* Exercise aim
Every entry needs to be printed exactly, please.

═════ Dataset records ═════

lemma planar_straight_line_no_K33:
  fixes X Y :: "nat \<Rightarrow> 'v"
  assumes pl: "planar_straight_line W F p"
    and X: "inj_on X {..<3}" "X ` {..<3} \<subseteq> W" and Y: "inj_on Y {..<3}" "Y ` {..<3} \<subseteq> W"
    and XY: "\<And>i j. i < 3 \<Longrightarrow> j < 3 \<Longrightarrow> X i \<noteq> Y j"
    and E: "\<And>i j. i < 3 \<Longrightarrow> j < 3 \<Longrightarrow> (i, j) \<noteq> (0, 0) \<Longrightarrow> {X i, Y j} \<in> F"
    and E00: "{X 0, Y 0} \<in> F \<or> (\<exists>b \<in> W - X ` {..<3} - Y ` {..<3}. {X 0, b} \<in> F \<and> {b, Y 0} \<in> F)"
  shows False
proof -
  define z where "z = complex_of_vec2 \<circ> p"
  have z: "inj_on z W"
    unfolding z_def by (rule planar_straight_line_inj[OF pl])
  note seg = planar_straight_line_segments_meet[OF pl,
      folded comp_apply[of complex_of_vec2 p], folded z_def]
  have edges_ne: "{X i, Y j} \<noteq> {X k, Y l}"
    if "i < 3" "j < 3" "k < 3" "l < 3" "(i, j) \<noteq> (k, l)" for i j k l
    using that X(1) Y(1) XY by (auto simp: doubleton_eq_iff dest: inj_onD)
  define x where "x = z \<circ> X"
  define y where "y = z \<circ> Y"
  have XYW: "X i \<in> W" "Y i \<in> W" if "i < 3" for i
    using X(2) Y(2) that by auto
  have xy: "x i \<noteq> y j" if "i < 3" "j < 3" for i j
    using XY[OF that] XYW that inj_onD[OF z] by (fastforce simp: x_def y_def)
  obtain g00 where g00: "arc g00" "pathstart g00 = x 0" "pathfinish g00 = y 0"
    "\<And>k l. k < 3 \<Longrightarrow> l < 3 \<Longrightarrow> (k, l) \<noteq> (0, 0) \<Longrightarrow>
      path_image g00 \<inter> closed_segment (x k) (y l) \<subseteq> {x 0, y 0} \<inter> {x k, y l}"
  proof (cases "{X 0, Y 0} \<in> F")
    case True
    show thesis
    proof
      show "arc (linepath (x 0) (y 0))"
        using xy[of 0 0] by (simp add: arc_linepath)
      show "path_image (linepath (x 0) (y 0)) \<inter> closed_segment (x k) (y l) \<subseteq> {x 0, y 0} \<inter> {x k, y l}"
        if "k < 3" "l < 3" "(k, l) \<noteq> (0, 0)" for k l
        using seg[OF True E[OF that] edges_ne[of 0 0 k l]] that by (simp add: x_def y_def)
    qed simp_all
  next
    case False
    then obtain b where b: "b \<in> W" "b \<notin> X ` {..<3}" "b \<notin> Y ` {..<3}" "{X 0, b} \<in> F" "{b, Y 0} \<in> F"
      using E00 by blast
    have W0: "X 0 \<in> W" "Y 0 \<in> W"
      using XYW by simp_all
    have "X 0 \<noteq> b" "b \<noteq> Y 0" "X 0 \<noteq> Y 0"
      using b XY[of 0 0] by auto
    note path = planar_straight_line_path_arc[OF pl W0(1) b(1) W0(2) this b(4,5), folded z_def]
    show thesis
    proof
      show "path_image (linepath (x 0) (z b) +++ linepath (z b) (y 0)) \<inter> closed_segment (x k) (y l)
        \<subseteq> {x 0, y 0} \<inter> {x k, y l}" if "k < 3" "l < 3" "(k, l) \<noteq> (0, 0)" for k l
        using path(2)[OF E[OF that] XYW(1)[OF that(1)] XYW(2)[OF that(2)]] b(2,3) that
        by (auto simp: x_def y_def)
    qed (use path(1) in \<open>simp_all add: x_def y_def\<close>)
  qed
  have inj: "inj_on x {..<3}" "inj_on y {..<3}"
    using X Y z by (auto simp: x_def y_def intro: comp_inj_on inj_on_subset)
  have segs: "closed_segment (x i) (y j) \<inter> closed_segment (x k) (y l) \<subseteq> {x i, y j} \<inter> {x k, y l}"
    if "i < 3" "j < 3" "k < 3" "l < 3" "(i, j) \<noteq> (0, 0)" "(k, l) \<noteq> (0, 0)" "(i, j) \<noteq> (k, l)"
    for i j k l
    using seg[OF E[OF that(1,2,5)] E[OF that(3,4,6)] edges_ne[OF that(1-4,7)]] by (simp add: x_def y_def)
  show False
    using straight_line_K33_arcs[OF inj xy segs g00] not_K33_arcs by blast
qed

section \<open>The graph \<open>G\<close> and its storyplans\<close>

lemma G_edges_apex:
  assumes "i \<in> {1..4}" "j \<in> {1..2}" "k \<in> {1..4}"
  shows "{Qv i j, Av k} \<in> G_edges" "{Qv i j, Bv k} \<in> G_edges" "{Qv i j, Cv k} \<in> G_edges"
    and "{Rv i j, Qv i j} \<in> G_edges"
  using assms unfolding G_edges_def by (intro UnI1 UnI2; auto)+

lemma G_edges_A_cycle: "{Av 1, Av 2} \<in> G_edges" "{Av 2, Av 3} \<in> G_edges" "{Av 3, Av 4} \<in> G_edges"
    "{Av 4, Av 1} \<in> G_edges"
  unfolding G_edges_def nxt_def by (intro UnI1 UnI2; force)+

lemma G_verts_iff:
  "Av k \<in> G_verts \<longleftrightarrow> k \<in> {1..4}" "Bv k \<in> G_verts \<longleftrightarrow> k \<in> {1..4}" "Cv k \<in> G_verts \<longleftrightarrow> k \<in> {1..4}"
  "Qv i j \<in> G_verts \<longleftrightarrow> i \<in> {1..4} \<and> j \<in> {1..2}" "Rv i j \<in> G_verts \<longleftrightarrow> i \<in> {1..4} \<and> j \<in> {1..2}"
  unfolding G_verts_def by auto

lemma cycle_verts_subset_G_verts: "cycle_verts \<subseteq> G_verts"
  unfolding cycle_verts_def G_verts_def by blast

lemma cycle_verts_eq: "cycle_verts = Av ` {1..4} \<union> Bv ` {1..4} \<union> Cv ` {1..4}"
  unfolding cycle_verts_def by auto

lemma storyplan_interval:
  assumes "planar_geometric_storyplan V E l I p" "v \<in> V"
  shows "\<exists>a b. I v = {a..b}" and "I v \<noteq> {}" and "I v \<subseteq> {1..l}"
  using assms by (auto simp: planar_geometric_storyplan_def storyplan_intervals_def)

lemma storyplan_edge_meet:
  assumes "planar_geometric_storyplan V E l I p" "{u, v} \<in> E"
  shows "I u \<inter> I v \<noteq> {}"
  using assms unfolding planar_geometric_storyplan_def storyplan_intervals_def by blast

lemma storyplan_frame_planar:
  assumes "planar_geometric_storyplan V E l I p" "v \<in> V" "\<tau> \<in> I v"
  shows "planar_straight_line (frame_verts V I \<tau>) (frame_edges E I \<tau>) p"
  using assms storyplan_interval(3)[OF assms(1,2)] unfolding planar_geometric_storyplan_def by blast

lemma frame_edgesI: "{u, v} \<in> E \<Longrightarrow> \<tau> \<in> I u \<Longrightarrow> \<tau> \<in> I v \<Longrightarrow> {u, v} \<in> frame_edges E I \<tau>"
  unfolding frame_edges_def by auto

═════

* Answer box
lemma planar_straight_line_no_K33:
  fixes X Y :: "nat \<Rightarrow> 'v"
  assumes pl: "planar_straight_line W F p"
    and X: "inj_on X {..<3}" "X ` {..<3} \<subseteq> W" and Y: "inj_on Y {..<3}" "Y ` {..<3} \<subseteq> W"
    and XY: "\<And>i j. i < 3 \<Longrightarrow> j < 3 \<Longrightarrow> X i \<noteq> Y j"
    and E: "\<And>i j. i < 3 \<Longrightarrow> j < 3 \<Longrightarrow> (i, j) \<noteq> (0, 0) \<Longrightarrow> {X i, Y j} \<in> F"
    and E00: "{X 0, Y 0} \<in> F \<or> (\<exists>b \<in> W - X ` {..<3} - Y ` {..<3}. {X 0, b} \<in> F \<and> {b, Y 0} \<in> F)"
  shows False
proof -
  define z where "z = complex_of_vec2 \<circ> p"
  have z: "inj_on z W"
    unfolding z_def by (rule planar_straight_line_inj[OF pl])
  note seg = planar_straight_line_segments_meet[OF pl,
      folded comp_apply[of complex_of_vec2 p], folded z_def]
  have edges_ne: "{X i, Y j} \<noteq> {X k, Y l}"
    if "i < 3" "j < 3" "k < 3" "l < 3" "(i, j) \<noteq> (k, l)" for i j k l
    using that X(1) Y(1) XY by (auto simp: doubleton_eq_iff dest: inj_onD)
  define x where "x = z \<circ> X"
  define y where "y = z \<circ> Y"
  have XYW: "X i \<in> W" "Y i \<in> W" if "i < 3" for i
    using X(2) Y(2) that by auto
  have xy: "x i \<noteq> y j" if "i < 3" "j < 3" for i j
    using XY[OF that] XYW that inj_onD[OF z] by (fastforce simp: x_def y_def)
  obtain g00 where g00: "arc g00" "pathstart g00 = x 0" "pathfinish g00 = y 0"
    "\<And>k l. k < 3 \<Longrightarrow> l < 3 \<Longrightarrow> (k, l) \<noteq> (0, 0) \<Longrightarrow>
      path_image g00 \<inter> closed_segment (x k) (y l) \<subseteq> {x 0, y 0} \<inter> {x k, y l}"
  proof (cases "{X 0, Y 0} \<in> F")
    case True
    show thesis
    proof
      show "arc (linepath (x 0) (y 0))"
        using xy[of 0 0] by (simp add: arc_linepath)
      show "path_image (linepath (x 0) (y 0)) \<inter> closed_segment (x k) (y l) \<subseteq> {x 0, y 0} \<inter> {x k, y l}"
        if "k < 3" "l < 3" "(k, l) \<noteq> (0, 0)" for k l
        using seg[OF True E[OF that] edges_ne[of 0 0 k l]] that by (simp add: x_def y_def)
    qed simp_all
  next
    case False
    then obtain b where b: "b \<in> W" "b \<notin> X ` {..<3}" "b \<notin> Y ` {..<3}" "{X 0, b} \<in> F" "{b, Y 0} \<in> F"
      using E00 by blast
    have W0: "X 0 \<in> W" "Y 0 \<in> W"
      using XYW by simp_all
    have "X 0 \<noteq> b" "b \<noteq> Y 0" "X 0 \<noteq> Y 0"
      using b XY[of 0 0] by auto
    note path = planar_straight_line_path_arc[OF pl W0(1) b(1) W0(2) this b(4,5), folded z_def]
    show thesis
    proof
      show "path_image (linepath (x 0) (z b) +++ linepath (z b) (y 0)) \<inter> closed_segment (x k) (y l)
        \<subseteq> {x 0, y 0} \<inter> {x k, y l}" if "k < 3" "l < 3" "(k, l) \<noteq> (0, 0)" for k l
        using path(2)[OF E[OF that] XYW(1)[OF that(1)] XYW(2)[OF that(2)]] b(2,3) that
        by (auto simp: x_def y_def)
    qed (use path(1) in \<open>simp_all add: x_def y_def\<close>)
  qed
  have inj: "inj_on x {..<3}" "inj_on y {..<3}"
    using X Y z by (auto simp: x_def y_def intro: comp_inj_on inj_on_subset)
  have segs: "closed_segment (x i) (y j) \<inter> closed_segment (x k) (y l) \<subseteq> {x i, y j} \<inter> {x k, y l}"
    if "i < 3" "j < 3" "k < 3" "l < 3" "(i, j) \<noteq> (0, 0)" "(k, l) \<noteq> (0, 0)" "(i, j) \<noteq> (k, l)"
    for i j k l
    using seg[OF E[OF that(1,2,5)] E[OF that(3,4,6)] edges_ne[OF that(1-4,7)]] by (simp add: x_def y_def)
  show False
    using straight_line_K33_arcs[OF inj xy segs g00] not_K33_arcs by blast
qed

section \<open>The graph \<open>G\<close> and its storyplans\<close>

lemma G_edges_apex:
  assumes "i \<in> {1..4}" "j \<in> {1..2}" "k \<in> {1..4}"
  shows "{Qv i j, Av k} \<in> G_edges" "{Qv i j, Bv k} \<in> G_edges" "{Qv i j, Cv k} \<in> G_edges"
    and "{Rv i j, Qv i j} \<in> G_edges"
  using assms unfolding G_edges_def by (intro UnI1 UnI2; auto)+

lemma G_edges_A_cycle: "{Av 1, Av 2} \<in> G_edges" "{Av 2, Av 3} \<in> G_edges" "{Av 3, Av 4} \<in> G_edges"
    "{Av 4, Av 1} \<in> G_edges"
  unfolding G_edges_def nxt_def by (intro UnI1 UnI2; force)+

lemma G_verts_iff:
  "Av k \<in> G_verts \<longleftrightarrow> k \<in> {1..4}" "Bv k \<in> G_verts \<longleftrightarrow> k \<in> {1..4}" "Cv k \<in> G_verts \<longleftrightarrow> k \<in> {1..4}"
  "Qv i j \<in> G_verts \<longleftrightarrow> i \<in> {1..4} \<and> j \<in> {1..2}" "Rv i j \<in> G_verts \<longleftrightarrow> i \<in> {1..4} \<and> j \<in> {1..2}"
  unfolding G_verts_def by auto

lemma cycle_verts_subset_G_verts: "cycle_verts \<subseteq> G_verts"
  unfolding cycle_verts_def G_verts_def by blast

lemma cycle_verts_eq: "cycle_verts = Av ` {1..4} \<union> Bv ` {1..4} \<union> Cv ` {1..4}"
  unfolding cycle_verts_def by auto

lemma storyplan_interval:
  assumes "planar_geometric_storyplan V E l I p" "v \<in> V"
  shows "\<exists>a b. I v = {a..b}" and "I v \<noteq> {}" and "I v \<subseteq> {1..l}"
  using assms by (auto simp: planar_geometric_storyplan_def storyplan_intervals_def)

lemma storyplan_edge_meet:
  assumes "planar_geometric_storyplan V E l I p" "{u, v} \<in> E"
  shows "I u \<inter> I v \<noteq> {}"
  using assms unfolding planar_geometric_storyplan_def storyplan_intervals_def by blast

lemma storyplan_frame_planar:
  assumes "planar_geometric_storyplan V E l I p" "v \<in> V" "\<tau> \<in> I v"
  shows "planar_straight_line (frame_verts V I \<tau>) (frame_edges E I \<tau>) p"
  using assms storyplan_interval(3)[OF assms(1,2)] unfolding planar_geometric_storyplan_def by blast

lemma frame_edgesI: "{u, v} \<in> E \<Longrightarrow> \<tau> \<in> I u \<Longrightarrow> \<tau> \<in> I v \<Longrightarrow> {u, v} \<in> frame_edges E I \<tau>"
  unfolding frame_edges_def by auto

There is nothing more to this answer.